[Opening Exercise material section]

(* Let $m\ge1$ and let $G$ be a graph with $n$ vertices that contains no induced copy of $mK_5$ (the disjoint union of $m$ copies of $K_5$). Then $$\tilde b(G)\le 4^{m-1}\,3^{(n-5(m-1))/4}=\left(\frac{4}{3^{5/4}}\right)^{m-1}3^{n/4}.$$
   Context: $\mathrm{Ind}(G)$ is the independence complex of $G$ (including the empty face), and $\tilde b(G)=\sum_{i\ge-1}\dim_{\mathbb{K}}\widetilde H_i(\mathrm{Ind}(G);\mathbb{K})$ for a fixed field $\mathbb{K}$. *)

theory Defs
  imports Complex_Main "HOL-Library.Function_Algebras"
begin

definition simple_graph :: "'a set \<Rightarrow> ('a \<Rightarrow> 'a \<Rightarrow> bool) \<Rightarrow> bool" where
  "simple_graph V E \<longleftrightarrow> finite V \<and> (\<forall>u v. E u v \<longrightarrow> u \<in> V \<and> v \<in> V)
     \<and> (\<forall>u v. E u v \<longrightarrow> E v u) \<and> (\<forall>u. \<not> E u u)"

text \<open>Faces of the independence complex (the empty set included).\<close>
definition indep :: "'a set \<Rightarrow> ('a \<Rightarrow> 'a \<Rightarrow> bool) \<Rightarrow> 'a set \<Rightarrow> bool" where
  "indep V E s \<longleftrightarrow> s \<subseteq> V \<and> (\<forall>u\<in>s. \<forall>v\<in>s. \<not> E u v)"

text \<open>Faces with k vertices, i.e. of dimension k-1.\<close>
definition faces :: "'a set \<Rightarrow> ('a \<Rightarrow> 'a \<Rightarrow> bool) \<Rightarrow> nat \<Rightarrow> 'a set set" where
  "faces V E k = {s. indep V E s \<and> card s = k}"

[Closing Exercise material section]

[What is expected]:
Across the entries above, how many lines include "with"? State only that number.

[Output for this exercise]:
2